While L’Rain’s Mission Creek appearance felt as if it existed on a transcendental plane, Indigo De Souza felt very much in the room for her performance, a reflection of her grounded and accessible songwriting. In much of her music, and to a heightened degree on her 2023 album All of This Will End, De Souza’s voice can toe the line of melancholic and comedic, as she feels capable of breaking into tears or laughter at any time in her delivery. On this fault line, she favored a more pensive dispatch for this night.

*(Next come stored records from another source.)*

(* For an l-th root of unity \<zeta>, the automorphism x_i \<mapsto> \<zeta> x_i acts diagonally on the standard
  monomials, scaling x^k by \<zeta>^(k_i). As \<xi> is primitive, two distinct standard monomials x^k, x^k'
  are separated by the eigenvalue \<xi>^(k_i) for some i; so for f in V, applying x_i \<mapsto> \<xi> x_i to f
  and subtracting \<xi>^(k'_i) f gives an element of V that loses the coefficient of x^k' and keeps
  that of x^k. Induction on the size of the support puts every monomial occurring in an element of
  V into V. *)

definition clg_scale :: "'a::field \<Rightarrow> nat \<Rightarrow> ((nat \<Rightarrow> nat) \<Rightarrow> 'a) \<Rightarrow> ((nat \<Rightarrow> nat) \<Rightarrow> 'a)" where
  "clg_scale \<zeta> i f = (\<lambda>k. \<zeta> ^ k i * f k)"

definition clg_support :: "nat \<Rightarrow> nat \<Rightarrow> ((nat \<Rightarrow> nat) \<Rightarrow> 'a::field) \<Rightarrow> (nat \<Rightarrow> nat) set" where
  "clg_support l m f = {k \<in> clg_idx l m. f k \<noteq> 0}"

lemma power_mod_eq_of_power_eq_1:
  fixes \<zeta> :: "'a::monoid_mult"
  assumes "\<zeta> ^ l = 1"
  shows "\<zeta> ^ (n mod l) = \<zeta> ^ n"
  by (metis assms div_mult_mod_eq mult.commute mult_1 power_add power_mult power_one)

lemma finite_clg_idx: "finite (clg_idx l m)"
proof (rule finite_subset)
  show "clg_idx l m \<subseteq> {k. \<forall>i. (i \<in> {..<m} \<longrightarrow> k i \<in> {..<l}) \<and> (i \<notin> {..<m} \<longrightarrow> k i = 0)}"
    by (simp add: clg_idx_def subset_iff)
qed (intro finite_set_of_finite_funs finite_lessThan)

lemma clg_scale_clg_scale: "clg_scale \<zeta> i (clg_scale \<eta> i f) = clg_scale (\<zeta> * \<eta>) i f"
  by (simp add: clg_scale_def power_mult_distrib mult.assoc)

lemma clg_scale_1 [simp]: "clg_scale 1 i f = f"
  by (simp add: clg_scale_def)

lemma clg_scale_mult:
  fixes \<zeta> :: "'a::field"
  assumes "\<zeta> ^ l = 1"
  shows "clg_scale \<zeta> i (clg_mult l m \<xi> f g) = clg_mult l m \<xi> (clg_scale \<zeta> i f) (clg_scale \<zeta> i g)"
proof
  fix c
  have "\<zeta> ^ c i = \<zeta> ^ a i * \<zeta> ^ b i" if "\<forall>j. c j = (a j + b j) mod l" for a b
    using that power_mod_eq_of_power_eq_1[OF assms, of "a i + b i"] by (simp add: power_add)
  then show "clg_scale \<zeta> i (clg_mult l m \<xi> f g) c = clg_mult l m \<xi> (clg_scale \<zeta> i f) (clg_scale \<zeta> i g) c"
    by (auto simp: clg_scale_def clg_mult_def sum_distrib_left mult_ac intro!: sum.cong)
qed

lemma clg_aut_clg_scale:
  fixes \<zeta> :: "'a::field"
  assumes "\<zeta> ^ l = 1" and "l > 0"
  shows "clg_aut l m \<xi> (clg_scale \<zeta> i)"
proof -
  have "\<zeta> * \<zeta> ^ (l - 1) = 1"
    using assms by (metis power_eq_if not_gr0)
  then obtain \<eta> where "\<zeta> * \<eta> = 1"
    by blast
  then have inverse: "clg_scale \<zeta> i (clg_scale \<eta> i f) = f" "clg_scale \<eta> i (clg_scale \<zeta> i f) = f"
    for f :: "(nat \<Rightarrow> nat) \<Rightarrow> 'a"
    by (simp_all add: clg_scale_clg_scale mult.commute)
  have carrier: "clg_scale \<eta> i f \<in> clg_carrier l m" if "f \<in> clg_carrier l m" for \<eta> f
    using that by (simp add: clg_carrier_def clg_scale_def)
  have "bij_betw (clg_scale \<zeta> i) (clg_carrier l m) (clg_carrier l m)"
    by (rule bij_betw_byWitness[where f'="clg_scale \<eta> i"])
      (auto simp: inverse carrier)
  moreover have "clg_scale \<zeta> i (clg_add f g) = clg_add (clg_scale \<zeta> i f) (clg_scale \<zeta> i g)" for f g
    by (simp add: clg_scale_def clg_add_def distrib_left)
  moreover have "clg_scale \<zeta> i (clg_smult c f) = clg_smult c (clg_scale \<zeta> i f)" for c f
    by (simp add: clg_scale_def clg_smult_def mult.left_commute)
  moreover have "clg_scale \<zeta> i clg_one = clg_one"
    by (simp add: clg_scale_def clg_one_def clg_mono_def fun_eq_iff)
  ultimately show ?thesis
    unfolding clg_aut_def by (simp add: clg_scale_mult[OF assms(1)])
qed

lemma primitive_root_power_inj:
  fixes \<xi> :: "'a::field"
  assumes "primitive_root l \<xi>"
  shows "inj_on (\<lambda>k. \<xi> ^ k) {..<l}"
proof -
  have "\<xi> ^ a \<noteq> \<xi> ^ b" if "a < b" "b < l" for a b
  proof
    assume eq: "\<xi> ^ a = \<xi> ^ b"
    have "\<xi> ^ l = 1"
      using assms by (simp add: primitive_root_def)
    then have "\<xi> \<noteq> 0"
      using that by (auto simp: power_0_left)
    moreover have "\<xi> ^ b = \<xi> ^ a * \<xi> ^ (b - a)"
      using that by (simp flip: power_add)
    ultimately have "\<xi> ^ (b - a) = 1"
      using eq by simp
    then show False
      using assms that unfolding primitive_root_def by simp
  qed
  then show ?thesis
    by (intro inj_onI) (metis lessThan_iff linorder_neqE_nat)
qed

lemma clg_support_scale_diff:
  "clg_support l m (clg_add (clg_scale \<zeta> i f) (clg_smult (- (\<zeta> ^ j)) f))
     = {k \<in> clg_support l m f. \<zeta> ^ k i \<noteq> \<zeta> ^ j}"
  by (auto simp: clg_support_def clg_add_def clg_scale_def clg_smult_def algebra_simps)

lemma clg_support_singleton:
  assumes "f \<in> clg_carrier l m" and "clg_support l m f = {k}"
  shows "f = clg_smult (f k) (clg_mono k)"
  using assms unfolding clg_carrier_def clg_support_def
  by (fastforce simp: clg_smult_def clg_mono_def)

lemma clg_mono_mem_subspace:
  fixes \<xi> :: "'a::field"
  assumes "primitive_root l \<xi>" and "clg_subspace l m V"
    and scale_closed: "\<And>i f. f \<in> V \<Longrightarrow> clg_scale \<xi> i f \<in> V"
    and "f \<in> V" and "k \<in> clg_support l m f"
  shows "clg_mono k \<in> V"
  using assms(4,5)
proof (induction "card (clg_support l m f)" arbitrary: f rule: less_induct)
  case less
  have f_carrier: "f \<in> clg_carrier l m"
    using assms(2) less.prems(1) by (auto simp: clg_subspace_def)
  show ?case
  proof (cases "clg_support l m f = {k}")
    case True
    have "f k \<noteq> 0"
      using less.prems(2) by (simp add: clg_support_def)
    then have "clg_mono k = clg_smult (inverse (f k)) (clg_smult (f k) (clg_mono k))"
      by (simp add: clg_smult_def fun_eq_iff)
    also have "\<dots> = clg_smult (inverse (f k)) f"
      by (simp only: clg_support_singleton[OF f_carrier True, symmetric])
    also have "\<dots> \<in> V"
      using assms(2) less.prems(1) by (simp add: clg_subspace_def)
    finally show ?thesis .
  next
    case False
    then obtain k' where k': "k' \<in> clg_support l m f" "k' \<noteq> k"
      using less.prems(2) by blast
    have idx: "k \<in> clg_idx l m" "k' \<in> clg_idx l m"
      using k'(1) less.prems(2) by (simp_all add: clg_support_def)
    obtain i where i: "k i \<noteq> k' i"
      using k'(2) by (metis ext)
    have "i < m"
    proof (rule ccontr)
      assume "\<not> i < m"
      then have "k i = 0" "k' i = 0"
        using idx by (simp_all add: clg_idx_def)
      with i show False
        by simp
    qed
    then have "k i \<in> {..<l}" "k' i \<in> {..<l}"
      using idx by (simp_all add: clg_idx_def)
    with i have root_ne: "\<xi> ^ k i \<noteq> \<xi> ^ k' i"
      using inj_onD[OF primitive_root_power_inj[OF assms(1)]] by blast
    define g where "g = clg_add (clg_scale \<xi> i f) (clg_smult (- (\<xi> ^ k' i)) f)"
    have "clg_support l m g \<subset> clg_support l m f"
      unfolding g_def clg_support_scale_diff using k'(1) by blast
    then have "card (clg_support l m g) < card (clg_support l m f)"
      by (intro psubset_card_mono) (simp add: clg_support_def finite_clg_idx)
    moreover have "g \<in> V"
      using assms(2) scale_closed[OF less.prems(1)] less.prems(1)
      unfolding g_def clg_subspace_def by simp
    moreover have "k \<in> clg_support l m g"
      unfolding g_def clg_support_scale_diff using less.prems(2) root_ne by blast
    ultimately show ?thesis
      by (rule less.hyps)
  qed
qed

lemma clg_span_mono: "S \<subseteq> T \<Longrightarrow> clg_span S \<subseteq> clg_span T"
  unfolding clg_span_def by blast

lemma clg_span_subset_subspace:
  assumes "clg_subspace l m V" and "S \<subseteq> V"
  shows "clg_span S \<subseteq> V"
proof
  fix f assume "f \<in> clg_span S"
  then obtain T c where "finite T" "T \<subseteq> V" and f: "f = (\<lambda>k. \<Sum>s\<in>T. c s * s k)"
    using assms(2) unfolding clg_span_def by blast
  then show "f \<in> V"
  proof (induction T arbitrary: f rule: finite_induct)
    case empty
    then show ?case using assms(1) by (simp add: clg_subspace_def)
  next
    case (insert s T)
    have "f = clg_add (clg_smult (c s) s) (\<lambda>k. \<Sum>s\<in>T. c s * s k)"
      using insert by (simp add: clg_add_def clg_smult_def)
    then show ?case
      using insert assms(1) unfolding clg_subspace_def by auto
  qed
qed

lemma clg_mono_inj: "inj clg_mono"
  by (intro injI) (metis clg_mono_def one_neq_zero)

lemma clg_carrier_in_span_support:
  assumes "f \<in> clg_carrier l m"
  shows "f \<in> clg_span (clg_mono ` clg_support l m f)"
proof -
  let ?S = "clg_support l m f"
  have "finite ?S"
    by (simp add: clg_support_def finite_clg_idx)
  have expansion: "(\<lambda>c. \<Sum>s\<in>clg_mono ` ?S. f (inv clg_mono s) * s c) = f"
  proof
    fix c
    have "(\<Sum>s\<in>clg_mono ` ?S. f (inv clg_mono s) * s c) = (\<Sum>j\<in>?S. f j * clg_mono j c)"
      by (simp add: sum.reindex inj_on_subset[OF clg_mono_inj])
    also have "\<dots> = (\<Sum>j\<in>?S. if j = c then f c else 0)"
      by (intro sum.cong) (auto simp: clg_mono_def)
    also have "\<dots> = f c"
      using assms \<open>finite ?S\<close> by (auto simp: clg_support_def clg_carrier_def)
    finally show "(\<Sum>s\<in>clg_mono ` ?S. f (inv clg_mono s) * s c) = f c" .
  qed
  show ?thesis
    unfolding clg_span_def
    by (intro CollectI exI[of _ "clg_mono ` ?S"] exI[of _ "\<lambda>s. f (inv clg_mono s)"] conjI)
      (simp_all add: \<open>finite ?S\<close> expansion)
qed

theorem lemma2:
  fixes \<xi> :: "'a::field" and l m :: nat and V :: "((nat \<Rightarrow> nat) \<Rightarrow> 'a) set"
  assumes "alg_closed_field TYPE('a)"
    and "l > 1"
    and "CHAR('a) = 0 \<or> coprime l CHAR('a)"
    and "primitive_root l \<xi>"
    and "m \<ge> 1"
    and "clg_subspace l m V"
    and "\<And>\<phi>. clg_aut l m \<xi> \<phi> \<Longrightarrow> \<phi> ` V \<subseteq> V"
  shows "V = clg_span (clg_mono ` {k \<in> clg_idx l m. clg_mono k \<in> V})"
proof
  let ?M = "{k \<in> clg_idx l m. clg_mono k \<in> V}"
  show "clg_span (clg_mono ` ?M) \<subseteq> V"
    using assms(6) by (intro clg_span_subset_subspace) auto
  have "\<xi> ^ l = 1" "l > 0"
    using assms(2,4) by (simp_all add: primitive_root_def)
  then have "clg_scale \<xi> i ` V \<subseteq> V" for i
    by (intro assms(7) clg_aut_clg_scale)
  then have scale_closed: "clg_scale \<xi> i f \<in> V" if "f \<in> V" for i f
    using that by blast
  show "V \<subseteq> clg_span (clg_mono ` ?M)"
  proof
    fix f assume "f \<in> V"
    then have "f \<in> clg_carrier l m"
      using assms(6) by (auto simp: clg_subspace_def)
    then have "f \<in> clg_span (clg_mono ` clg_support l m f)"
      by (rule clg_carrier_in_span_support)
    also have "clg_support l m f \<subseteq> ?M"
      using clg_mono_mem_subspace[OF assms(4,6) scale_closed \<open>f \<in> V\<close>]
      by (auto simp: clg_support_def)
    then have "clg_span (clg_mono ` clg_support l m f) \<subseteq> clg_span (clg_mono ` ?M)"
      by (intro clg_span_mono image_mono)
    finally show "f \<in> clg_span (clg_mono ` ?M)" .
  qed
qed

end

This is far from a critique, as De Souza’s vocals still soared when needed, and struck the audience with sincerity in the more plaintive moments. 

Her presence was starkly more timid in following Clanton - De Souza delivered nearly the entire performance with eyes closed, and at times turned her back to the audience. It was obvious she was not looking to convey dejection to the crowd in these moments; rather, when facing away from the audience, it seemed she was aiming for a sort of reflection, a re-centering of where she was in that moment. And with her eyes closed, perhaps she was trying to re-access the scenes she is portraying in her lyrics, to feel them the best she can in this new place and time. Surrounding her were contrasting energies - in fact, at several times during the show, the band appeared to all be playing different versions of the song, different ferocities reflecting different interpretations of the music. That is, actually, just how De Souza’s music should be heard and performed: to each person’s liking. Her songs are meant to be lived-in, such a raw transcription of the human experience that there is no choice but to absorb them as subjective. Where De Souza really came alive was in her performance of “You Can Be Mean,” her delivery more of a snarl as she began her second verse: “I can’t believe I let you touch my body / I can’t believe I let you get inside.” The guitars, throughout her set, were crunching, thundering, at times burning; her guitarist emphasized their effect with intermittent stomping, a direct contrast to De Souza’s cool temper just feet away. As she tore through her setlist, De Souza included three new songs, all of which promise some of the most vivid and evocative imagery of her career thus far. Even on the elevated stage, De Souza serenaded the audience at eye-level, offering the same vulnerability and forwardness that filled the room in the first place. 

While the music was of a particularly high standard, Mission Creek’s focus on elevating the literary scene in Iowa City was just as prolific. Friday included Lit Walks showcasing writers both local and out-of-area, and Saturday featured zine and book fairs, panel discussions, and reading series. Other performers included Armand Hammer, SG Goodman, Yxng Raskal, Sunny War, Neko Case, and 24ThankYou, among others. A carefully curated and community-focused weekend, Mission Creek stayed true to their values and provided a much-needed space for must-hear voices.